Your appendix is on the right side. It sits in the lower right area of your abdomen, where your small intestine connects to your large intestine. Specifically, it’s a small, finger-shaped tube that hangs off the cecum, which is the very first section of your large intestine.
Pinpointing the Exact Spot
If you draw an imaginary line between your belly button and the bony point at the front of your right hip, the appendix sits roughly at the midpoint of that line. Doctors call this “McBurney’s point,” and it’s about 1.5 to 2 inches inward from the hip bone along that diagonal. When someone has appendicitis, pressing on this spot typically produces sharp tenderness.
That said, the appendix doesn’t sit in exactly the same position in everyone. In a significant number of people, the appendix curls behind the cecum rather than dangling below it. When the appendix is tucked behind the intestine like this, pain from appendicitis can show up in unexpected places, including the flank or back. In one surgical study, only 36% of patients with this variation had the textbook pattern of appendicitis symptoms. The other 64% had subtler or atypical presentations, and some experienced delays in diagnosis.
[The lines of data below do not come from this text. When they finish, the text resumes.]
lemma upper_banach_density_pos_imp_large_dense_squares:
  assumes "upper_banach_density A > 0"
  obtains d where "d > 0" "has_large_dense_squares d A"
proof -
  let ?f = "\<lambda>t. SUP y. ereal (measure lebesgue (A \<inter> square y t) / measure lebesgue (square y t))"
  obtain d where d: "0 < d" "ereal d < upper_banach_density A"
    using ereal_dense2[OF assms] by (metis ereal_dense2 ereal_less(2) less_ereal.simps(4) less_ereal_le)
  have "\<exists>t\<ge>T. t > 0 \<and> (\<exists>y. measure lebesgue (A \<inter> square y t) > d * t^2)" for T
  proof -
    have "\<not> eventually (\<lambda>t. ?f t \<le> ereal d) at_top"
    proof
      assume "eventually (\<lambda>t. ?f t \<le> ereal d) at_top"
      then have "upper_banach_density A \<le> ereal d"
        unfolding upper_banach_density_def by (rule Limsup_bounded)
      with d(2) show False
        by simp
    qed
    then obtain t where "t \<ge> T" "?f t > ereal d"
      by (auto simp: eventually_at_top_linorder not_le dest: spec[of _ T])
    then obtain y where y: "measure lebesgue (A \<inter> square y t) / measure lebesgue (square y t) > d"
      by (auto simp: less_SUP_iff)
    have "t > 0"
    proof (rule ccontr)
      assume "\<not> t > 0"
      then have "measure lebesgue (square y t) = 0"
        using measure_square[of 0 y] square_eq_empty[of t y] by (cases "t = 0") auto
      then show False
        using y d(1) by simp
    qed
    with y have "measure lebesgue (A \<inter> square y t) > d * t^2"
      using measure_square[of t y] by (simp add: field_simps)
    with \<open>t \<ge> T\<close> \<open>t > 0\<close> show ?thesis
      by blast
  qed
  with d(1) show thesis
    using that by (auto simp: has_large_dense_squares_def)
qed

lemma large_dense_squares_borel_subset:
  assumes "A \<in> sets lebesgue" "has_large_dense_squares d A"
  obtains B where "B \<in> sets borel" "B \<subseteq> A" "has_large_dense_squares d B"
proof -
  obtain B N where B: "B \<in> sets borel" "negligible N" "B \<union> N = A"
    using sets_lebesgue_almost_borel[OF assms(1)] by blast
  have "measure lebesgue (B \<inter> square y t) = measure lebesgue (A \<inter> square y t)" for y t
  proof (rule measure_negligible_symdiff)
    show "A \<inter> square y t \<in> lmeasurable"
      using assms(1) by (rule lmeasurable_Int_square)
    show "negligible (sym_diff (A \<inter> square y t) (B \<inter> square y t))"
      by (rule negligible_subset[OF B(2)]) (use B in blast)
  qed
  with assms(2) have "has_large_dense_squares d B"
    by (simp add: has_large_dense_squares_def)
  with B show thesis
    using that by blast
qed

lemma emeasure_lebesgue_translate:
  fixes S :: "'a::euclidean_space set"
  shows "emeasure lebesgue ((\<lambda>x. x - a) ` S) = emeasure lebesgue S"
  using emeasure_lebesgue_affine[of 1 "- a" S] by simp

lemma subset_avoiding_translate:
  fixes E :: "'a::real_normed_vector set"
  assumes "(\<Union>x\<in>K. ball x \<delta>) \<subseteq> U" "norm u < \<delta>" "C \<subseteq> E" "\<not> (\<exists>x\<in>C. x + u \<in> E)"
  shows "C \<subseteq> (E - K) \<union> (\<lambda>x. x - u) ` (U - E)"
proof
  fix x
  assume "x \<in> C"
  show "x \<in> (E - K) \<union> (\<lambda>x. x - u) ` (U - E)"
  proof (cases "x \<in> K")
    case True
    have "x + u \<in> (\<Union>x\<in>K. ball x \<delta>)"
      using assms(2) by (intro UN_I[OF True]) (simp add: dist_norm)
    with assms(1,4) \<open>x \<in> C\<close> have "x + u \<in> U - E"
      by blast
    then have "(x + u) - u \<in> (\<lambda>x. x - u) ` (U - E)"
      by (rule imageI)
    then show ?thesis
      by simp
  next
    case False
    then show ?thesis
      using \<open>x \<in> C\<close> assms(3) by blast
  qed
qed

lemma large_subset_meets_translate:
  fixes E :: "'a::euclidean_space set"
  assumes E: "E \<in> sets lebesgue" "bounded E" and "\<epsilon> > 0"
  obtains \<delta> where "\<delta> > 0"
    "\<And>u C. norm u < \<delta> \<Longrightarrow> C \<subseteq> E \<Longrightarrow> emeasure lebesgue C > ennreal \<epsilon> \<Longrightarrow> \<exists>x\<in>C. x + u \<in> E"
proof -
  have "\<epsilon> / 2 > 0"
    using \<open>\<epsilon> > 0\<close> by simp
  obtain U where U: "open U" "E \<subseteq> U" "U - E \<in> lmeasurable" "emeasure lebesgue (U - E) < ennreal (\<epsilon> / 2)"
    using sets_lebesgue_outer_open[OF E(1) \<open>\<epsilon> / 2 > 0\<close>] by blast
  obtain K where K: "closed K" "K \<subseteq> E" "E - K \<in> lmeasurable" "emeasure lebesgue (E - K) < ennreal (\<epsilon> / 2)"
    using sets_lebesgue_inner_closed[OF E(1) \<open>\<epsilon> / 2 > 0\<close>] by blast
  have "compact K"
    using K E(2) bounded_subset compact_eq_bounded_closed by blast
  then obtain \<delta> where \<delta>: "\<delta> > 0" "(\<Union>x\<in>K. ball x \<delta>) \<subseteq> U"
    using compact_subset_open_imp_ball_epsilon_subset U K by (metis order.trans)
  show thesis
  proof (rule that[OF \<delta>(1)])
    fix u :: 'a and C
    assume u: "norm u < \<delta>" and C: "C \<subseteq> E" "emeasure lebesgue C > ennreal \<epsilon>"
    show "\<exists>x\<in>C. x + u \<in> E"
    proof (rule ccontr)
      assume no_hit: "\<not> (\<exists>x\<in>C. x + u \<in> E)"
      define T where "T = (\<lambda>x. x - u) ` (U - E)"
      have "C \<subseteq> (E - K) \<union> T"
        unfolding T_def using \<delta>(2) u C(1) no_hit by (rule subset_avoiding_translate)
      have "T \<in> lmeasurable"
        unfolding T_def using U(3) by (rule measurable_translation_subtract)
      then have "emeasure lebesgue C \<le> emeasure lebesgue (E - K) + emeasure lebesgue T"
        using \<open>C \<subseteq> (E - K) \<union> T\<close> K(3)
        by (metis emeasure_mono emeasure_subadditive fmeasurableD order.trans sets.Un)
      also have "\<dots> = emeasure lebesgue (E - K) + emeasure lebesgue (U - E)"
        unfolding T_def by (simp add: emeasure_lebesgue_translate)
      also have "\<dots> < ennreal (\<epsilon> / 2) + ennreal (\<epsilon> / 2)"
        using U(4) K(4) by (simp add: add_strict_mono)
      also have "\<dots> = ennreal \<epsilon>"
        using \<open>\<epsilon> > 0\<close> by (simp flip: ennreal_plus)
      finally show False
        using C(2) by simp
    qed
  qed
qed

lemma nn_integral_overlap_swap:
  fixes E B Q :: "'a::euclidean_space set"
  assumes [measurable]: "E \<in> sets borel" "B \<in> sets borel" "Q \<in> sets borel"
  shows "(\<integral>\<^sup>+ v. indicator Q v * emeasure lborel {x\<in>E. x + v \<in> B} \<partial>lborel)
       = (\<integral>\<^sup>+ x. indicator E x * emeasure lborel {v\<in>Q. x + v \<in> B} \<partial>lborel)"
proof -
  let ?f = "\<lambda>x v. indicator E x * indicator B (x + v) * indicator Q v :: ennreal"
  have "(\<lambda>(x, v). ?f x v) \<in> borel_measurable (lborel \<Otimes>\<^sub>M lborel)"
    by measurable
  then have "(\<integral>\<^sup>+ v. (\<integral>\<^sup>+ x. ?f x v \<partial>lborel) \<partial>lborel) = (\<integral>\<^sup>+ x. (\<integral>\<^sup>+ v. ?f x v \<partial>lborel) \<partial>lborel)"
    by (rule lborel_pair.Fubini')
  moreover have "(\<integral>\<^sup>+ x. ?f x v \<partial>lborel) = indicator Q v * emeasure lborel {x\<in>E. x + v \<in> B}" for v
  proof -
    have "(\<integral>\<^sup>+ x. ?f x v \<partial>lborel) = (\<integral>\<^sup>+ x. indicator Q v * indicator {x\<in>E. x + v \<in> B} x \<partial>lborel)"
      by (intro nn_integral_cong) (auto simp: indicator_def)
    then show ?thesis
      by (simp add: nn_integral_cmult_indicator)
  qed
  moreover have "(\<integral>\<^sup>+ v. ?f x v \<partial>lborel) = indicator E x * emeasure lborel {v\<in>Q. x + v \<in> B}" for x
  proof -
    have "(\<integral>\<^sup>+ v. ?f x v \<partial>lborel) = (\<integral>\<^sup>+ v. indicator E x * indicator {v\<in>Q. x + v \<in> B} v \<partial>lborel)"
      by (intro nn_integral_cong) (auto simp: indicator_def)
    then show ?thesis
      by (simp add: nn_integral_cmult_indicator)
  qed
  ultimately show ?thesis
    by simp
qed

lemma overlap_integral_lower_bound:
  fixes E B :: "(real^2) set"
  assumes [measurable]: "E \<in> sets borel" "B \<in> sets borel" and E: "E \<subseteq> square y0 t0"
  shows "emeasure lborel E * emeasure lborel (B \<inter> square y t)
      \<le> (\<integral>\<^sup>+ v. indicator (square (y - y0) (t + t0)) v * emeasure lborel {x\<in>E. x + v \<in> B} \<partial>lborel)"
proof -
  let ?Q = "square (y - y0) (t + t0)"
  have "emeasure lborel (B \<inter> square y t) \<le> emeasure lborel {v\<in>?Q. x + v \<in> B}" if "x \<in> E" for x
  proof -
    have "(\<lambda>z. z - x) ` (B \<inter> square y t) \<subseteq> {v\<in>?Q. x + v \<in> B}"
      using diff_mem_square[of x y0 t0] that E by auto
    then have "emeasure lebesgue ((\<lambda>z. z - x) ` (B \<inter> square y t)) \<le> emeasure lebesgue {v\<in>?Q. x + v \<in> B}"
      by (rule emeasure_mono) simp
    then show ?thesis
      by (simp add: emeasure_lebesgue_translate)
  qed
  then have "(\<integral>\<^sup>+ x. emeasure lborel (B \<inter> square y t) * indicator E x \<partial>lborel)
      \<le> (\<integral>\<^sup>+ x. indicator E x * emeasure lborel {v\<in>?Q. x + v \<in> B} \<partial>lborel)"
    by (intro nn_integral_mono) (auto simp: indicator_def)
  also have "\<dots> = (\<integral>\<^sup>+ v. indicator ?Q v * emeasure lborel {x\<in>E. x + v \<in> B} \<partial>lborel)"
    by (rule nn_integral_overlap_swap[symmetric]) simp_all
  finally show ?thesis
    by (subst (asm) nn_integral_cmult_indicator) (simp_all add: mult.commute)
qed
When the Appendix Is on the Left
In rare cases, the appendix actually is on the left side. A condition called situs inversus causes all the major organs to be mirror-flipped from their normal positions. The heart shifts to the right side of the chest, the liver and gallbladder move to the left, and the appendix ends up in the lower left abdomen. This affects roughly 1 in 10,000 people. Many don’t know they have it until imaging for an unrelated issue reveals the reversal.
How Pregnancy Shifts the Position
During pregnancy, the growing uterus gradually pushes the appendix upward and outward from its usual spot. MRI studies have confirmed this displacement. As pregnancy progresses, the appendix becomes less likely to be found in the lower right area and increasingly turns up in the upper right quadrant instead. This is one reason appendicitis can be harder to recognize in pregnant women: the pain may appear higher on the abdomen than expected, especially in the second and third trimesters.
Why the Location Matters for Appendicitis
Knowing which side your appendix is on matters most when you’re trying to figure out whether abdominal pain could be appendicitis. Globally, about 17 million new cases of appendicitis occur each year, so it’s far from uncommon. The classic pattern starts with a dull ache around the belly button that gradually migrates to the lower right side over 12 to 24 hours, often accompanied by loss of appetite and nausea. But that textbook sequence only happens in about half of cases.
One useful clue: pressing on the left side of the abdomen can actually reveal appendicitis on the right. If pressure on your lower left abdomen triggers a sharp pain in the lower right, that’s a strong indicator of appendiceal inflammation. This referred pain happens because pushing on the left side shifts intestinal contents toward the inflamed appendix on the right.
How Quickly It Can Become Serious
Appendicitis progresses through stages. Research tracking the timeline found that the appendix typically becomes visibly inflamed around 36 hours after symptoms begin, develops pus around 41 hours, and begins to die off around 55 hours. The risk of rupture jumps significantly after 72 hours of symptoms. Before that 72-hour mark, the likelihood of perforation remains relatively stable, but beyond it the odds increase sharply.
A ruptured appendix can spill bacteria into the abdominal cavity, leading to a serious infection. Persistent or worsening pain on the right side of your abdomen, especially if it started near your belly button, warrants prompt medical evaluation rather than a wait-and-see approach.